BigQuery LOGISTIC_REG model 'bqml_diverted_model_weighted' created successfully with class weights!


In [None]:
evaluate_diverted_model_weighted_query = f"""SELECT * FROM ML.EVALUATE(MODEL `{PROJECT_ID}.flights.{model_name_diverted_weighted}`) """
evaluation_results_diverted_weighted = bq.query(evaluate_diverted_model_weighted_query).result().to_dataframe()
print("LOGISTIC_REG Model (with class weights) Evaluation Results:")
display(evaluation_results_diverted_weighted)

LOGISTIC_REG Model (with class weights) Evaluation Results:


Unnamed: 0,precision,recall,accuracy,f1_score,log_loss,roc_auc
0,0.004432,0.947368,0.59869,0.008824,0.693004,0.837579


## Interpret Tuned LOGISTIC_REG Model

### Subtask:
Analyze the evaluation results of the tuned model, comparing the new precision, recall, and other metrics to the previous model's performance, specifically noting any improvements for the 'Diverted' class due to `AUTO_CLASS_WEIGHTS`.


### Comparison of LOGISTIC_REG Model Performance (with and without `AUTO_CLASS_WEIGHTS`)

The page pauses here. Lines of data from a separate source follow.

(* Let $s$ be an aperiodic standard episturmian word over a finite alphabet $A$, and let $s=U_1U_2\cdots U_n\cdots$ be a factorization of $s$ where each $U_i$ ($i\ge1$) is a non-empty prefix of $s$. Then there exist indices $i\neq j$ such that $U_i$ and $U_j$ end in different letters.
   Context: An infinite word $s$ over a finite alphabet $A$ is standard episturmian if its set of factors is closed under reversal (if $u$ is a factor so is its reversal) and every left special factor of $s$ is a prefix of $s$; here a factor $u$ is left special if there are distinct letters $x,y\in A$ with $xu$ and $yu$ both factors of $s$. Aperiodic means not ultimately periodic. *)

theory Defs
  imports Main
begin

definition factor_at :: "(nat \<Rightarrow> 'a) \<Rightarrow> nat \<Rightarrow> nat \<Rightarrow> 'a list" where
  "factor_at s i n = map s [i..<i+n]"

definition factors :: "(nat \<Rightarrow> 'a) \<Rightarrow> 'a list set" where
  "factors s = {u. \<exists>i. u = factor_at s i (length u)}"

definition is_prefix_of :: "'a list \<Rightarrow> (nat \<Rightarrow> 'a) \<Rightarrow> bool" where
  "is_prefix_of u s \<longleftrightarrow> u = factor_at s 0 (length u)"

definition left_special :: "(nat \<Rightarrow> 'a) \<Rightarrow> 'a list \<Rightarrow> bool" where
  "left_special s u \<longleftrightarrow> (\<exists>x y. x \<noteq> y \<and> x # u \<in> factors s \<and> y # u \<in> factors s)"

definition standard_episturmian :: "(nat \<Rightarrow> 'a) \<Rightarrow> bool" where
  "standard_episturmian s \<longleftrightarrow>
     (\<forall>u \<in> factors s. rev u \<in> factors s) \<and>
     (\<forall>u. left_special s u \<longrightarrow> is_prefix_of u s)"

definition ultimately_periodic :: "(nat \<Rightarrow> 'a) \<Rightarrow> bool" where
  "ultimately_periodic s \<longleftrightarrow> (\<exists>p>0. \<exists>N. \<forall>n\<ge>N. s (n + p) = s n)"

text \<open>s = U 0 U 1 U 2 ... : the word s is the infinite concatenation of the
  nonempty finite words U i (indices shifted: U_1 of the paper is U 0).\<close>
definition is_factorization :: "(nat \<Rightarrow> 'a list) \<Rightarrow> (nat \<Rightarrow> 'a) \<Rightarrow> bool" where
  "is_factorization U s \<longleftrightarrow> (\<forall>i. U i \<noteq> []) \<and>
     (\<forall>i. U i = factor_at s (\<Sum>j<i. length (U j)) (length (U i)))"

end

theory Submission
  imports Defs "HOL-Library.Product_Lexorder"
begin

text \<open>Let b = s 0. Closure under reversal and the fact that left special factors are
  prefixes force every letter x \<noteq> b to have a unique successor; aperiodicity then makes b
  separating: every factor of length two contains b. Hence s = psi b s' for the
  morphism psi b : b \<mapsto> b, x \<mapsto> bx, and the derived word s' is again an aperiodic
  standard episturmian word.

  Suppose all U i end in the same letter a. Then every block is a prefix of s followed by a
  nonempty power of a, every block starts with b, and desubstituting by psi b yields a
  factorization of s' whose blocks have the same shape. Desubstitution shortens the first
  block unless it is a power of b, and in that case s' starts with a shorter run of its first
  letter than s does. Lexicographic descent on these two quantities gives the contradiction.\<close>

section \<open>Occurrences of finite words\<close>

definition occurs_at :: "(nat \<Rightarrow> 'a) \<Rightarrow> nat \<Rightarrow> 'a list \<Rightarrow> bool" where
  "occurs_at s i w \<longleftrightarrow> factor_at s i (length w) = w"

lemma length_factor_at [simp]: "length (factor_at s i n) = n"
  by (simp add: factor_at_def)

lemma factor_at_Suc: "factor_at s i (Suc n) = s i # factor_at s (Suc i) n"
  by (simp add: factor_at_def upt_rec)

lemma occurs_at_Nil [simp]: "occurs_at s i []"
  by (simp add: occurs_at_def factor_at_def)

lemma occurs_at_Cons [simp]: "occurs_at s i (x # xs) \<longleftrightarrow> s i = x \<and> occurs_at s (Suc i) xs"
  by (auto simp: occurs_at_def factor_at_Suc)

lemma occurs_at_append [simp]:
  "occurs_at s i (xs @ ys) \<longleftrightarrow> occurs_at s i xs \<and> occurs_at s (i + length xs) ys"
  by (induction xs arbitrary: i) auto

lemma occurs_at_unique: "occurs_at s i w \<Longrightarrow> occurs_at s i v \<Longrightarrow> length w = length v \<Longrightarrow> w = v"
  by (metis occurs_at_def)

lemma occurs_at_last:
  assumes "occurs_at s i w" "w \<noteq> []"
  shows "s (i + length w - 1) = last w"
proof -
  have "occurs_at s i (butlast w @ [last w])"
    using assms by simp
  then have "s (i + (length w - 1)) = last w"
    by (simp del: append_butlast_last_id)
  with assms(2) show ?thesis
    by (cases w) simp_all
qed

lemma factors_iff_occurs_at: "u \<in> factors s \<longleftrightarrow> (\<exists>i. occurs_at s i u)"
  unfolding factors_def occurs_at_def by (auto; metis)

lemma is_prefix_of_iff_occurs_at: "is_prefix_of u s \<longleftrightarrow> occurs_at s 0 u"
  by (auto simp: is_prefix_of_def occurs_at_def)

lemma is_prefix_of_appendD: "is_prefix_of (xs @ ys) s \<Longrightarrow> is_prefix_of xs s"
  by (simp add: is_prefix_of_iff_occurs_at)

lemma factors_appendD2: "xs @ ys \<in> factors s \<Longrightarrow> ys \<in> factors s"
  by (auto simp: factors_iff_occurs_at)

lemma is_factorization_occurs_at:
  "is_factorization U s \<Longrightarrow> occurs_at s (\<Sum>j<i. length (U j)) (U i)"
  by (simp add: is_factorization_def occurs_at_def)

section \<open>The separating first letter\<close>

lemma standard_episturmian_reversed_pair: "standard_episturmian s \<Longrightarrow> [s (Suc k), s k] \<in> factors s"
proof -
  assume "standard_episturmian s"
  moreover have "[s k, s (Suc k)] \<in> factors s"
    by (auto simp: factors_iff_occurs_at)
  ultimately have "rev [s k, s (Suc k)] \<in> factors s"
    unfolding standard_episturmian_def by blast
  then show ?thesis
    by simp
qed

lemma standard_episturmian_successor_unique:
  assumes se: "standard_episturmian s" and "s n \<noteq> s 0" and "s m = s n"
  shows "s (Suc m) = s (Suc n)"
proof (rule ccontr)
  assume "s (Suc m) \<noteq> s (Suc n)"
  moreover note standard_episturmian_reversed_pair[OF se]
  ultimately have "left_special s [s n]"
    unfolding left_special_def using \<open>s m = s n\<close> by metis
  then have "is_prefix_of [s n] s"
    using se unfolding standard_episturmian_def by blast
  with \<open>s n \<noteq> s 0\<close> show False
    by (simp add: is_prefix_of_iff_occurs_at)
qed
(* Assume the standing setup with $\lambda_1(\boldsymbol\Omega_K)>1$, and set $\mathbf v_1^{(r)}=\mathbf D_{\boldsymbol\rho^{\odot1/2}}(\mathbf 1_K-\mathbf g(1))$ and $\mathbf v_1^{(l)}=\boldsymbol\Omega_K\mathbf v_1^{(r)}$. Then $\mathbf v_1^{(r)}\succ\mathbf 0_K$, $(\mathbf D_{\mathbf g(1)}\boldsymbol\Omega_K)\mathbf v_1^{(r)}=\mathbf v_1^{(r)}$ and $(\mathbf D_{\mathbf g(1)}\boldsymbol\Omega_K)^\top\mathbf v_1^{(l)}=\mathbf v_1^{(l)}$.
   Context: Standing setup: $K\ge1$, $\boldsymbol\rho=(\rho_k)$ with $\rho_k\in(0,1)$, $\sum\rho_k=1$; $\mathbf S_K=(s_{kl})$ symmetric with $s_{kl}>0$; $\mathbf D_{\mathbf v}$ diagonal with diagonal $\mathbf v$; $\boldsymbol\Omega_K=\mathbf D_{\boldsymbol\rho^{\odot1/2}}\mathbf S_K\mathbf D_{\boldsymbol\rho^{\odot1/2}}$, $\boldsymbol\Gamma_K=\mathbf S_K\mathbf D_{\boldsymbol\rho}$; $\lambda_1$ = largest eigenvalue. For each $N$, $[N]$ is split into consecutive blocks $B_k$ with $|B_k|/N\to\rho_k$; $\Sigma_{ij}=s_{kl}$ for $i\in B_k,j\in B_l$; $\mathbf H$ symmetric with independent standard Gaussian entries on/above the diagonal; $\mathbf X=\mathbf H\odot\boldsymbol\Sigma^{\odot1/2}-N^{-1/2}\mathrm{Diag}(\boldsymbol\Sigma\mathbf 1)$; $\mu_X$ the a.s. limiting spectral distribution of $\mathbf X/\sqrt N$. QVE: for $z\in\mathbb H_-=\{\Im z<0\}$, $\mathbf g(z)$ is the unique solution in $(\mathbb H_+)^K$ of $\mathbf 1_K=z\mathbf g-\mathbf g\odot\boldsymbol\Gamma_K(\mathbf g-\mathbf 1_K)$, $\sum_k\rho_kg_k$ being the Stieltjes transform of $\mu_X$; $\mathbf g(1)$ is the value at $1$ of its continuous extension to $\mathbb H_-\cup\mathbb R$. $\succ$ is entrywise strict inequality. *)

theory Defs
  imports "HOL-Analysis.Analysis"
begin

text \<open>Index set [K] is rendered as a finite type 'k (so K = CARD('k) \<ge> 1).\<close>

definition diagm :: "'a::zero ^ 'k \<Rightarrow> 'a ^ 'k ^ 'k" where
  "diagm v = (\<chi> i j. if i = j then v $ i else 0)"

definition cmat :: "real ^ 'k ^ 'k \<Rightarrow> complex ^ 'k ^ 'k" where
  "cmat A = (\<chi> i j. complex_of_real (A $ i $ j))"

**Original Model (`bqml_diverted_model`):**
```
precision:  0.0
recall:     0.0
accuracy:   0.998115
f1_score:   0.0
log_loss:   0.013002
roc_auc:    0.820762
```

**Weighted Model (`bqml_diverted_model_weighted` with `AUTO_CLASS_WEIGHTS=TRUE`):**
```
precision:  0.004432
recall:     0.947368
accuracy:   0.59869
f1_score:   0.008824
log_loss:   0.693004
roc_auc:    0.837579
```

# **Interpretation:**
The original model had very high accuracy, but not where it mattered most; Flight diversions. In our weighted model there are more false positives, but we catch almost all of the diverted flights. In this context where missing positives can cause massive damage to revenue and brand image while false positives have minimal effect, we believe the weighted model is the superior option. Unexpected diverted flights can cost anywhere from tens of thousands to hundreds of thousands of dollars compared to the relatively minimal costs of moving around equipment and staging a few extra staff at the gates in the event of a false alarm. This can also be mitigated by ongoing communications with the pilots and air traffic control, making false positives less impactful. As a result, we highly prefer the risk mitigation and long term security that the weighted model provides.